Parametrize solution

Question

Consider the matrix $$G=\begin{bmatrix}1&2&-2&1&0\\ 0&0&1&-2&0\\ 0&0&0&1&-2\\ 0&0&0&0&0\\ 0&0&0&0&0\end{bmatrix}$$

$$G\begin{bmatrix}v\\w\\x\\y\\z\end{bmatrix}=\begin{bmatrix}1\\1\\1\\0\\0\end{bmatrix}.$$ By which sets of variables can $V$ be parametrised?

My attempt at a solution was to find the reduced row echelon form of the augmented matrix, which I found to be: $$\left[\begin{array}{ccccc|c} 1&2&0&0&-6&6\\ 0&0&1&0&-4&3\\ 0&0&0&1&-2&1\\ 0&0&0&0&0&0\\ 0&0&0&0&0&0\end{array}\right]$$ Written as a system of equations, we have: $$v+2w-6z=6$$ $$x-4z=3$$ $$y-2z=1$$ Thus I determined the sets of variables able to parametrize the solution space to be:

$vxy$ (x can be anything, y anything), $wxy$ (x can be anything, y can be anything), $zxy$ (x anything, y anything), $xvwy$ (v, w, and y can be anything), $zvwy$ (v, w, and y can be anything), and $zxvw$ (x, v, and w can by anything).

Thus my answer is: $vxy$, $wxy$, $zxy$, $xvwy$, $zvwy$, $zxvw$. Is this correct or am I totally incorrect in my thinking?
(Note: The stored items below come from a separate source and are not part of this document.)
lemma ideal_prod_subset_smul_of_Suc:
  assumes q: "q \<in> R" "q \<noteq> 0" "v q = a j"
    and Suc: "ideal_prod (I (Suc j)) (I k) \<subseteq> smul_set q (I k)"
  shows "ideal_prod (I j) (I k) \<subseteq> smul_set q (I k)"
proof (rule ideal_prod_least)
  fix x y assume x: "x \<in> I j" and y: "y \<in> I k"
  obtain c where c: "c \<in> R" "x - c * q \<in> I (Suc j)"
    using I_decompose[OF q x] by blast
  have "(x - c * q) * y \<in> smul_set q (I k)"
    using Suc mult_mem_ideal_prod[OF c(2) y] by blast
  then obtain z where z: "z \<in> I k" "(x - c * q) * y = q * z"
    unfolding mem_smul_set by blast
  have "x * y = q * (c * y + z)"
    using z(2) by (simp add: algebra_simps)
  moreover have "c * y + z \<in> I k"
    using c(1) y z(1) val_ideal_add val_ideal_mult by blast
  ultimately show "x * y \<in> smul_set q (I k)"
    by (auto simp: mem_smul_set)
qed (use smul_val_ideal_zero smul_val_ideal_add in auto)

lemma ideal_prod_subset_smul_of_divides:
  assumes s: "s \<noteq> 0" and q: "q \<noteq> 0" "v q < v s"
    and s_prod: "ideal_prod (I j) (I (j + 2)) \<subseteq> smul_set s (I (j + 2))"
    and s_div: "smul_set s (I (j + 1)) \<subseteq> smul_set q R"
  shows "ideal_prod (I j) (I (j + 1)) \<subseteq> smul_set q (I (j + 1))"
proof (rule ideal_prod_least)
  fix x y assume x: "x \<in> I j" and y: "y \<in> I (j + 1)"
  show "x * y \<in> smul_set q (I (j + 1))"
  proof (cases "y = 0")
    case False
    have "s * y \<in> smul_set s (I (j + 1))"
      using y by (auto simp: mem_smul_set)
    then have "s * y \<in> smul_set q R"
      using s_div by blast
    then obtain e where e: "e \<in> R" "s * y = q * e"
      unfolding mem_smul_set by blast
    then have "e \<noteq> 0"
      using s False by auto
    moreover have "v (s * y) = v (q * e)"
      using e(2) by simp
    ultimately have "v s + v y = v q + v e"
      using valuation_mult[OF valuation] s q(1) False by simp
    then have "a (j + 1) < v e"
      using y False q(2) by (simp add: mem_val_ideal)
    then have "e \<in> I (j + 2)"
      using e(1) \<open>e \<noteq> 0\<close> value_ge_Suc_of_gt[of e "j + 1"] by (simp add: mem_val_ideal)
    then have "x * e \<in> smul_set s (I (j + 2))"
      using s_prod mult_mem_ideal_prod[OF x] by blast
    then obtain z where z: "z \<in> I (j + 2)" "x * e = s * z"
      unfolding mem_smul_set by blast
    have "s * (x * y) = x * (s * y)"
      by (simp add: ac_simps)
    also have "\<dots> = q * (x * e)"
      using e(2) by (simp add: ac_simps)
    also have "\<dots> = s * (q * z)"
      using z(2) by (simp add: ac_simps)
    finally have "s * (x * y) = s * (q * z)" .
    then have "x * y = q * z"
      using s by simp
    moreover have "z \<in> I (j + 1)"
      using z(1) I_antimono[of "j + 1" "j + 2"] by auto
    ultimately show ?thesis
      by (auto simp: mem_smul_set)
  qed (simp add: smul_val_ideal_zero)
qed (use smul_val_ideal_zero smul_val_ideal_add in auto)

lemma ideal_prod_eq_smul_all_iff_ex:
  "(\<forall>r\<in>R. r \<noteq> 0 \<and> v r = a i \<longrightarrow> ideal_prod (I i) (I k) = smul_set r (I k)) \<longleftrightarrow>
   (\<exists>q\<in>R. q \<noteq> 0 \<and> v q = a i \<and> ideal_prod (I i) (I k) = smul_set q (I k))"
proof
  assume all: "\<forall>r\<in>R. r \<noteq> 0 \<and> v r = a i \<longrightarrow> ideal_prod (I i) (I k) = smul_set r (I k)"
  obtain q where "q \<in> R" "q \<noteq> 0" "v q = a i"
    using exists_of_value by blast
  with all show "\<exists>q\<in>R. q \<noteq> 0 \<and> v q = a i \<and> ideal_prod (I i) (I k) = smul_set q (I k)"
    by blast
next
  assume "\<exists>q\<in>R. q \<noteq> 0 \<and> v q = a i \<and> ideal_prod (I i) (I k) = smul_set q (I k)"
  then obtain q where q: "q \<noteq> 0" "v q = a i" "ideal_prod (I i) (I k) = smul_set q (I k)"
    by blast
  show "\<forall>r\<in>R. r \<noteq> 0 \<and> v r = a i \<longrightarrow> ideal_prod (I i) (I k) = smul_set r (I k)"
  proof (intro ballI impI)
    fix r assume "r \<in> R" "r \<noteq> 0 \<and> v r = a i"
    then show "ideal_prod (I i) (I k) = smul_set r (I k)"
      using ideal_prod_eq_smul_val_ideal_transfer[of q r "I i"] q by (simp add: mem_val_ideal)
  qed
qed

lemma ideal_prod_eq_smul_all_iff_smul_subset:
  assumes s: "s \<in> R" "s \<noteq> 0" "v s = a (i + 1)"
    and s_prod: "ideal_prod (I (i + 1)) (I (i + 3)) = smul_set s (I (i + 3))"
  shows "(\<forall>r\<in>R. r \<noteq> 0 \<and> v r = a i \<longrightarrow> ideal_prod (I i) (I (i + 2)) = smul_set r (I (i + 2))) \<longleftrightarrow>
         (\<exists>q\<in>R. q \<noteq> 0 \<and> v q = a i \<and> smul_set s (I (i + 2)) \<subseteq> smul_set q R)"
    (is "?all \<longleftrightarrow> ?ex")
proof
  assume ?all
  obtain q where q: "q \<in> R" "q \<noteq> 0" "v q = a i"
    using exists_of_value by blast
  have "s \<in> I i"
    using s strict_mono_less_eq[OF a_strict_mono, of i "i + 1"] by (simp add: mem_val_ideal)
  then have "smul_set s (I (i + 2)) \<subseteq> ideal_prod (I i) (I (i + 2))"
    by (rule smul_subset_ideal_prod)
  also have "\<dots> = smul_set q (I (i + 2))"
    using \<open>?all\<close> q by blast
  also have "\<dots> \<subseteq> smul_set q R"
    using val_ideal_subset unfolding smul_set_def by blast
  finally show ?ex
    using q by blast
next
  assume ?ex
  then obtain q where q: "q \<in> R" "q \<noteq> 0" "v q = a i"
    and s_div: "smul_set s (I (i + 2)) \<subseteq> smul_set q R"
    by blast
  have "v q < v s"
    using q(3) s(3) strict_mono_less[OF a_strict_mono, of i "i + 1"] by simp
  then have "ideal_prod (I (i + 1)) (I (i + 2)) \<subseteq> smul_set q (I (i + 2))"
    using ideal_prod_subset_smul_of_divides[of s q "i + 1"] s(2) q(2) s_prod s_div
    by (simp add: numeral_eq_Suc)
  then have "ideal_prod (I i) (I (i + 2)) \<subseteq> smul_set q (I (i + 2))"
    using ideal_prod_subset_smul_of_Suc[OF q, of "i + 2"] by simp
  moreover have "smul_set q (I (i + 2)) \<subseteq> ideal_prod (I i) (I (i + 2))"
    using q by (intro smul_subset_ideal_prod) (simp add: mem_val_ideal)
  ultimately show ?all
    using ideal_prod_eq_smul_all_iff_ex[of i "i + 2"] q by blast
qed
(* For integers $n \geq 3$ and $m \geq 1$, $$\chi_\rho(FSSD_m(C_n)) = \begin{cases} 3, & n \text{ even},\\ 4, & n \text{ odd}.\end{cases}$$
   Context: All graphs are finite and simple. $C_n$ is the cycle on $n$ vertices. For a positive integer $i$, an $i$-packing in a graph is a set of vertices any two distinct members of which are at distance greater than $i$. The packing chromatic number $\chi_\rho(H)$ is the smallest integer $k$ such that $V(H)$ can be partitioned into sets $V_1,\dots,V_k$ with each $V_i$ an $i$-packing. For a positive integer $m$, $FSSD_m(G)$ is obtained from $G$ by replacing each edge $uv$ of $G$ by a copy of $K_{2,m}$: the edge $uv$ is deleted and $m$ new vertices are added, each adjacent to exactly $u$ and $v$. *)

theory Defs
  imports Main "HOL-Library.Extended_Nat"
begin

type_synonym 'a graph = "'a set \<times> 'a set set"

definition simple_graph :: "'a graph \<Rightarrow> bool" where
  "simple_graph G \<longleftrightarrow> finite (fst G) \<and>
     (\<forall>e\<in>snd G. \<exists>u v. e = {u, v} \<and> u \<noteq> v \<and> u \<in> fst G \<and> v \<in> fst G)"

definition adj :: "'a graph \<Rightarrow> 'a \<Rightarrow> 'a \<Rightarrow> bool" where
  "adj G u v \<longleftrightarrow> {u, v} \<in> snd G"

definition walk :: "'a graph \<Rightarrow> 'a list \<Rightarrow> bool" where
  "walk G xs \<longleftrightarrow> xs \<noteq> [] \<and> set xs \<subseteq> fst G \<and>
     (\<forall>j. Suc j < length xs \<longrightarrow> adj G (xs ! j) (xs ! Suc j))"

text \<open>Graph distance (infinite if no walk exists).\<close>
definition gdist :: "'a graph \<Rightarrow> 'a \<Rightarrow> 'a \<Rightarrow> enat" where
  "gdist G u v = Inf {enat (length xs - 1) | xs. walk G xs \<and> hd xs = u \<and> last xs = v}"

definition packing :: "'a graph \<Rightarrow> nat \<Rightarrow> 'a set \<Rightarrow> bool" where
  "packing G i S \<longleftrightarrow> S \<subseteq> fst G \<and>
     (\<forall>u\<in>S. \<forall>v\<in>S. u \<noteq> v \<longrightarrow> gdist G u v > enat i)"
(* For all $n\ge1$, $$a_{\{0101,0102,0120,0121\}}(n)=a_{\{0102,0112,0120,0121\}}(n)=2^{n-1}+\binom{n-1}{2}.$$
   Context: An ascent in an integer sequence $s_1\cdots s_m$ is an index $j$ with $s_j<s_{j+1}$; $\mathrm{asc}$ denotes the number of ascents. An ascent sequence is a sequence $x_1\cdots x_n$ of nonnegative integers with $x_1=0$ and $x_i\le 1+\mathrm{asc}(x_1\cdots x_{i-1})$ for all $i\ge2$. The reduction $\mathrm{red}(w)$ of an integer sequence $w$ replaces the $i$-th smallest distinct letter of $w$ by $i-1$; a pattern is a reduced sequence. A sequence $x$ contains a pattern $p=p_1\cdots p_k$ if there are indices $i_1<\cdots<i_k$ with $\mathrm{red}(x_{i_1}\cdots x_{i_k})=p$; otherwise $x$ avoids $p$. For a finite set $P$ of patterns, $a_P(n)$ denotes the number of ascent sequences of length $n$ avoiding every pattern in $P$. *)

theory Defs
  imports Main
begin

definition asc :: "nat list \<Rightarrow> nat" where
  "asc s = card {j. Suc j < length s \<and> s ! j < s ! Suc j}"

definition ascent_seq :: "nat list \<Rightarrow> bool" where
  "ascent_seq x \<longleftrightarrow> x \<noteq> [] \<and> x ! 0 = 0 \<and>
     (\<forall>i. 1 \<le> i \<and> i < length x \<longrightarrow> x ! i \<le> 1 + asc (take i x))"

definition red :: "nat list \<Rightarrow> nat list" where
  "red w = map (\<lambda>a. card {b \<in> set w. b < a}) w"

definition contains :: "nat list \<Rightarrow> nat list \<Rightarrow> bool" where
  "contains x p \<longleftrightarrow> (\<exists>ind :: nat \<Rightarrow> nat.
      strict_mono_on {..<length p} ind \<and> (\<forall>k<length p. ind k < length x) \<and>
      red (map (\<lambda>k. x ! ind k) [0..<length p]) = p)"

definition avoids :: "nat list \<Rightarrow> nat list \<Rightarrow> bool" where
  "avoids x p \<longleftrightarrow> \<not> contains x p"

definition a_count :: "nat list set \<Rightarrow> nat \<Rightarrow> nat" where
  "a_count P n = card {x. length x = n \<and> ascent_seq x \<and> (\<forall>p\<in>P. avoids x p)}"

end

theory Submission
  imports Defs
begin

(*
  Avoiding 0101, 0102, 0120, 0121: a weakly increasing ascent sequence can only rise by one at a
  time, so it is a staircase determined by its set of rise positions in {1..n-1}. Otherwise look
  at the first descent. The increasing prefix attains every value below its maximum, so a descent
  to a nonzero value creates 0121 and a descent from a value >= 2 creates 0120; hence the sequence
  drops from 1 to 0 and afterwards stays 0 (a later 1 gives 0101, a later value >= 2 gives 0102).
  These are the plateaus 0^i 1^(j-i) 0^(n-j) with 0 < i < j < n.

  Avoiding 0102, 0112, 0120, 0121: either all entries are 0 or 1, or the first entry >= 2 is a 2
  directly after the first 1 (by 0102, 0112 and the ascent condition), everything after it is
  >= 2 (by 0120, 0121), and from there the sequence climbs by one and then stays constant (by
  0121, 0112). These are the ramps 0^i 1 2 ... (j-i) (j-i+1)^(n-j) with 0 < i < j < n.

  In both cases the pairs 0 < i < j < n are counted as the 2-subsets of {1..n-1}.
*)

section \<open>Reduction and patterns of length four\<close>

lemma red_nth: "i < length w \<Longrightarrow> red w ! i = card {b \<in> set w. b < w ! i}"
  by (simp add: red_def)

lemma card_less_elems_strict_mono:
  assumes "a \<in> A" "a < c" "finite A"
  shows "card {b \<in> A. b < a} < card {b \<in> A. b < (c::nat)}"
  using assms by (intro psubset_card_mono) auto

lemma red_less_iff:
  assumes "i < length w" "j < length w"
  shows "red w ! i < red w ! j \<longleftrightarrow> w ! i < w ! j"
proof
  assume "w ! i < w ! j"
  then show "red w ! i < red w ! j"
    using assms by (simp add: red_nth card_less_elems_strict_mono)
next
  assume "red w ! i < red w ! j"
  moreover have "card {b \<in> set w. b < w ! j} \<le> card {b \<in> set w. b < w ! i}" if "w ! j \<le> w ! i"
    using that by (intro card_mono) auto
  ultimately show "w ! i < w ! j"
    using assms by (force simp: red_nth)
qed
Thank you.

Answer 1

Your thinking and answer are wrong. Rather:

• If $z$ is a parameter, it determines $x,y$.
• If $z$ is not a parameter, one of $x,y$ can be a parameter, determining $z$ and hence the non-parameter in $x,y$.
• Either way, we may choose one of $v,w$ as parameter, and this determines the other.

Thus the variable sets that parametrise $V$ are $vz,wz,xv,xw,yv,yw$. All these have cardinality 2, consistent with $G$'s nullity being 2.